Antes de ele terminar, levanto novamente a cabeça e percebo que o major está me olhando fixamente.
     - ...Sim, senhor. - responde novamente a patota de forma tíbia, intimidada com aquela ameaça velada.
      - Eu não ouvi, conscritos!
      - Sim, SENHOR!
      - Ótimo! Passo a palavra ao sargento Barreto. Bom dia e boa sorte a todos.- diz, batendo na fronte da sua boina preta, próximo ao broche com o brasão do Exército afixado nela. Os demais fardados lhe prestam continência e em seguida ele se retira.
     Boa sorte? Pelo jeito como falou, parecia até que estávamos disputando uma bolada, um carrão importado, ou ainda prestando concurso para um órgão público qualquer. Esse camarada só deveria estar brincando.
     - ...Bom dia senhores!
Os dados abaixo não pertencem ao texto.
(* Let $n\in\mathbb{N}$. Two points $A,B\in\mathbb{Q}\cup\{\infty\}$ are neighbours in both $\mathcal{F}$ and $\frac1n\mathcal{F}$ if and only if they can be written in reduced form as $A=\frac{a}{n_1c}$ and $B=\frac{b}{n_2d}$ with $n=n_1n_2$ and $|an_2d-bn_1c|=1$.
   Context: The Farey tessellation $\mathcal{F}$ is the ideal triangulation of the upper half-plane $\mathbb{H}$ whose vertex set is $\mathbb{Q}\cup\{\infty\}$ (with $\infty=\frac10$) and in which two vertices written in reduced form $\frac pq,\frac rs$ are joined by a geodesic edge (are \emph{neighbours} in $\mathcal{F}$) iff $|ps-qr|=1$. $\frac1n\mathcal{F}$ is the image of $\mathcal{F}$ under the isometry $z\mapsto z/n$; thus $A,B$ are neighbours in $\frac1n\mathcal{F}$ iff $nA,nB$ are neighbours in $\mathcal{F}$. *)

theory Defs
  imports Complex_Main
begin

text \<open>Points of Q \<union> {\<infinity>} are modelled as rat option; None is \<infinity> = 1/0.\<close>
type_synonym qpoint = "rat option"

fun reduced_form :: "qpoint \<Rightarrow> int \<times> int" where
  "reduced_form None = (1, 0)"
| "reduced_form (Some x) = quotient_of x"

definition is_reduced_rep :: "qpoint \<Rightarrow> int \<Rightarrow> int \<Rightarrow> bool" where
  "is_reduced_rep A p q \<longleftrightarrow> coprime p q \<and>
     (case A of None \<Rightarrow> q = 0 | Some x \<Rightarrow> q \<noteq> 0 \<and> x = of_int p / of_int q)"

definition farey_nbr :: "qpoint \<Rightarrow> qpoint \<Rightarrow> bool" where
  "farey_nbr A B \<longleftrightarrow>
     (let (p, q) = reduced_form A; (r, s) = reduced_form B in \<bar>p * s - q * r\<bar> = 1)"

fun scale_pt :: "nat \<Rightarrow> qpoint \<Rightarrow> qpoint" where
  "scale_pt n None = None"
| "scale_pt n (Some x) = Some (of_nat n * x)"

text \<open>Neighbours in (1/n)F: nA and nB are neighbours in F.\<close>
definition farey_nbr_scaled :: "nat \<Rightarrow> qpoint \<Rightarrow> qpoint \<Rightarrow> bool" where
  "farey_nbr_scaled n A B \<longleftrightarrow> farey_nbr (scale_pt n A) (scale_pt n B)"

end

theory Submission
  imports Defs
begin

(*
  Write A = p/q and B = r/s in reduced form and put g1 = gcd(n, q), g2 = gcd(n, s).
  Then nA and nB have the reduced forms (n/g1) p / (q/g1) and (n/g2) r / (s/g2), whose
  determinant is n/(g1 g2) times the determinant p s - q r of A, B. If both determinants
  are +-1, this forces g1 g2 = n, giving the splitting n = n1 n2 with q = n1 c, s = n2 d.
  Conversely, |a n2 d - b n1 c| = 1 makes n2 a coprime to c and n1 b coprime to d, so these
  are reduced forms of nA and nB, again with determinant +-1.
*)

lemma is_reduced_rep_reduced_form:
  "is_reduced_rep A (fst (reduced_form A)) (snd (reduced_form A))"
proof (cases A)
  case None
  then show ?thesis by (simp add: is_reduced_rep_def)
next
  case (Some x)
  obtain p q where pq: "quotient_of x = (p, q)" by (cases "quotient_of x")
  then show ?thesis
    using Some quotient_of_div[OF pq] quotient_of_denom_pos[OF pq] quotient_of_coprime[OF pq]
    by (simp add: is_reduced_rep_def)
qed

lemma is_reduced_rep_unique:
  assumes "is_reduced_rep A p q" "is_reduced_rep A p' q'"
  shows "(p' = p \<and> q' = q) \<or> (p' = - p \<and> q' = - q)"
proof (cases A)
  case None
  then have "q = 0" "q' = 0" "\<bar>p\<bar> = 1" "\<bar>p'\<bar> = 1"
    using assms by (auto simp: is_reduced_rep_def)
  then show ?thesis by arith
next
  case (Some x)
  then have cop: "coprime p q" "coprime p' q'" and nz: "q \<noteq> 0" "q' \<noteq> 0"
    and "(of_int p :: rat) / of_int q = of_int p' / of_int q'"
    using assms by (auto simp: is_reduced_rep_def)
  then have "(of_int (p * q') :: rat) = of_int (p' * q)"
    by (simp add: field_simps)
  then have cross: "p * q' = p' * q"
    by (simp only: of_int_eq_iff)
  have "q dvd q'"
    using cop(1) cross by (metis coprime_commute coprime_dvd_mult_right_iff dvd_triv_right)
  moreover have "q' dvd q"
    using cop(2) cross by (metis coprime_commute coprime_dvd_mult_right_iff dvd_triv_right)
  ultimately have "q' = q \<or> q' = - q"
    using zdvd_antisym_abs by fastforce
  moreover have "q' = - q \<Longrightarrow> (p' + p) * q = 0"
    using cross by (simp add: algebra_simps)
  ultimately show ?thesis
    using cross nz by auto
qed

lemma farey_nbr_iff_reduced_reps:
  assumes "is_reduced_rep A p q" "is_reduced_rep B r s"
  shows "farey_nbr A B \<longleftrightarrow> \<bar>p * s - q * r\<bar> = 1"
proof -
  obtain p0 q0 where a: "reduced_form A = (p0, q0)" by (cases "reduced_form A")
  obtain r0 s0 where b: "reduced_form B = (r0, s0)" by (cases "reduced_form B")
  have "is_reduced_rep A p0 q0" "is_reduced_rep B r0 s0"
    using is_reduced_rep_reduced_form[of A] is_reduced_rep_reduced_form[of B] a b by simp_all
  from is_reduced_rep_unique[OF this(1) assms(1)] is_reduced_rep_unique[OF this(2) assms(2)]
  have "\<bar>p0 * s0 - q0 * r0\<bar> = \<bar>p * s - q * r\<bar>"
    by (elim disjE conjE) simp_all
  then show ?thesis
    using a b by (simp add: farey_nbr_def)
qed

lemma is_reduced_rep_scale_pt:
  assumes "is_reduced_rep A p (k * c)" "int n = k * m" "coprime (m * p) c" "k \<noteq> 0"
  shows "is_reduced_rep (scale_pt n A) (m * p) c"
proof (cases A)
  case None
  then show ?thesis using assms by (auto simp: is_reduced_rep_def)
next
  case (Some x)
  then have "c \<noteq> 0" "x = of_int p / (of_int k * of_int c)"
    using assms(1) by (auto simp: is_reduced_rep_def)
  moreover have "(of_nat n :: rat) = of_int k * of_int m"
    using assms(2) by (metis of_int_mult of_int_of_nat_eq)
  ultimately have "of_nat n * x = (of_int (m * p) :: rat) / of_int c"
    using assms(4) by (simp add: field_simps)
  then show ?thesis
    using Some \<open>c \<noteq> 0\<close> assms(3) by (simp add: is_reduced_rep_def)
qed

lemma is_reduced_rep_scale_pt_gcd:
  assumes "is_reduced_rep A p q" "n > 0"
  defines "g \<equiv> gcd (int n) q"
  shows "is_reduced_rep (scale_pt n A) (int n div g * p) (q div g)"
proof (rule is_reduced_rep_scale_pt)
  have q: "q = g * (q div g)" and "int n = g * (int n div g)"
    unfolding g_def by simp_all
  then show "is_reduced_rep A p (g * (q div g))" "int n = g * (int n div g)"
    using assms(1) by simp_all
  have "coprime p q" using assms(1) by (simp add: is_reduced_rep_def)
  then have "coprime p (q div g)"
    using q by (metis coprime_mult_right_iff)
  moreover have "coprime (int n div g) (q div g)"
    using assms(2) by (simp add: g_def div_gcd_coprime)
  ultimately show "coprime (int n div g * p) (q div g)" by simp
  show "g \<noteq> 0" using assms(2) g_def by simp
qed

lemma gcd_mult_gcd_eq_if_farey_nbr_scaled:
  assumes A: "is_reduced_rep A p q" and B: "is_reduced_rep B r s" and "n > 0"
    and "farey_nbr A B" "farey_nbr_scaled n A B"
  shows "gcd (int n) q * gcd (int n) s = int n"
proof -
  define g1 g2 where "g1 = gcd (int n) q" and "g2 = gcd (int n) s"
  have det: "\<bar>p * s - q * r\<bar> = 1"
    using assms farey_nbr_iff_reduced_reps by blast
  have det_scaled: "\<bar>(int n div g1 * p) * (s div g2) - (q div g1) * (int n div g2 * r)\<bar> = 1"
    using assms farey_nbr_iff_reduced_reps[OF is_reduced_rep_scale_pt_gcd is_reduced_rep_scale_pt_gcd]
    unfolding farey_nbr_scaled_def g1_def g2_def by blast
  have "g1 * g2 * ((int n div g1 * p) * (s div g2) - (q div g1) * (int n div g2 * r))
      = (g1 * (int n div g1)) * p * (g2 * (s div g2)) - (g1 * (q div g1)) * (g2 * (int n div g2)) * r"
    by (simp add: algebra_simps)
  also have "\<dots> = int n * (p * s - q * r)"
    by (simp add: g1_def g2_def algebra_simps)
  finally have "\<bar>g1 * g2\<bar> = \<bar>int n\<bar>"
    using det det_scaled by (metis abs_mult mult.right_neutral)
  then show ?thesis
    using \<open>n > 0\<close> by (simp add: g1_def g2_def abs_mult)
qed

lemma coprime_if_abs_diff_eq_1:
  fixes u v x y :: int
  assumes "\<bar>x * u - y * v\<bar> = 1"
  shows "coprime u v"
proof (rule coprimeI)
  fix k assume "k dvd u" "k dvd v"
  then have "k dvd \<bar>x * u - y * v\<bar>" by simp
  then show "is_unit k" using assms by simp
qed

lemma farey_nbr_scaled_if_split:
  assumes A: "is_reduced_rep A a (int n1 * c)" and B: "is_reduced_rep B b (int n2 * d)"
    and det: "\<bar>a * int n2 * d - b * int n1 * c\<bar> = 1" and "n = n1 * n2" "n > 0"
  shows "farey_nbr_scaled n A B"
proof -
  have "coprime (int n2) c"
    using coprime_if_abs_diff_eq_1[of "a * d" "int n2" "b * int n1" c] det by (simp add: ac_simps)
  moreover have "coprime (int n1) d"
    using coprime_if_abs_diff_eq_1[of "- (b * c)" "int n1" "- (a * int n2)" d] det
    by (simp add: ac_simps)
  moreover have "coprime a c" "coprime b d"
    using A B by (simp_all add: is_reduced_rep_def)
  ultimately have "is_reduced_rep (scale_pt n A) (int n2 * a) c"
    "is_reduced_rep (scale_pt n B) (int n1 * b) d"
    using is_reduced_rep_scale_pt[OF A, of n "int n2"] is_reduced_rep_scale_pt[OF B, of n "int n1"]
      \<open>n = n1 * n2\<close> \<open>n > 0\<close>
    by simp_all
  then show ?thesis
    unfolding farey_nbr_scaled_def using farey_nbr_iff_reduced_reps det
    by (simp add: algebra_simps)
qed

theorem lemma3p7:
  fixes n :: nat and A B :: qpoint
  assumes "n \<ge> 1"
  shows "(farey_nbr A B \<and> farey_nbr_scaled n A B) \<longleftrightarrow>
    (\<exists>(n1::nat) (n2::nat) (a::int) (b::int) (c::int) (d::int).
        n = n1 * n2 \<and>
        is_reduced_rep A a (int n1 * c) \<and>
        is_reduced_rep B b (int n2 * d) \<and>
        \<bar>a * int n2 * d - b * int n1 * c\<bar> = 1)"
proof
  assume nbr: "farey_nbr A B \<and> farey_nbr_scaled n A B"
  obtain p q r s where A: "is_reduced_rep A p q" and B: "is_reduced_rep B r s"
    using is_reduced_rep_reduced_form by blast
  define n1 n2 where "n1 = nat (gcd (int n) q)" and "n2 = nat (gcd (int n) s)"
  have "int n1 * int n2 = int n"
    using gcd_mult_gcd_eq_if_farey_nbr_scaled[OF A B] nbr assms by (simp add: n1_def n2_def)
  then have "n = n1 * n2"
    by (simp only: of_nat_mult[symmetric] of_nat_eq_iff)
  moreover have "is_reduced_rep A p (int n1 * (q div int n1))"
    "is_reduced_rep B r (int n2 * (s div int n2))"
    using A B by (simp_all add: n1_def n2_def)
  moreover have "p * int n2 * (s div int n2) - r * int n1 * (q div int n1) = p * s - r * q"
    by (simp only: mult.assoc) (simp add: n1_def n2_def)
  then have "\<bar>p * int n2 * (s div int n2) - r * int n1 * (q div int n1)\<bar> = 1"
    using nbr farey_nbr_iff_reduced_reps[OF A B] by (simp add: mult.commute)
  ultimately show "\<exists>n1 n2 a b c d. n = n1 * n2 \<and> is_reduced_rep A a (int n1 * c) \<and>
      is_reduced_rep B b (int n2 * d) \<and> \<bar>a * int n2 * d - b * int n1 * c\<bar> = 1"
    by blast
next
  assume "\<exists>n1 n2 a b c d. n = n1 * n2 \<and> is_reduced_rep A a (int n1 * c) \<and>
      is_reduced_rep B b (int n2 * d) \<and> \<bar>a * int n2 * d - b * int n1 * c\<bar> = 1"
  then obtain n1 n2 a b c d where "n = n1 * n2" and A: "is_reduced_rep A a (int n1 * c)"
    and B: "is_reduced_rep B b (int n2 * d)" and det: "\<bar>a * int n2 * d - b * int n1 * c\<bar> = 1"
    by blast
  moreover have "\<bar>a * (int n2 * d) - int n1 * c * b\<bar> = 1"
    using det by (simp add: ac_simps)
  ultimately show "farey_nbr A B \<and> farey_nbr_scaled n A B"
    using farey_nbr_iff_reduced_reps[OF A B] farey_nbr_scaled_if_split assms by simp
qed

end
Visto que já fui apresentado e designado pelo major, e que todas as instruções já lhes foram transmitidas, nada me resta a fazer a não ser distribuir suas matrículas. Formem quatro filas em frente ao palco, para que cada um de vocês pegue a sua. O primeiro da fila pega a sua identificação, cola-a em um local visível e volta imediatamente para o seu lugar, e assim subsequentemente, ok? - disse ele, com uma voz mais aguda do que a do major, com um leve sotaque baiano.
     Vendo que o povão começou a se ensebar muito na formação das filas, o "jagunço" começa a falar num tom bem mais alto, batendo palmas:
     - Vamos, vamos, vamos cambada! Não temos o dia todo!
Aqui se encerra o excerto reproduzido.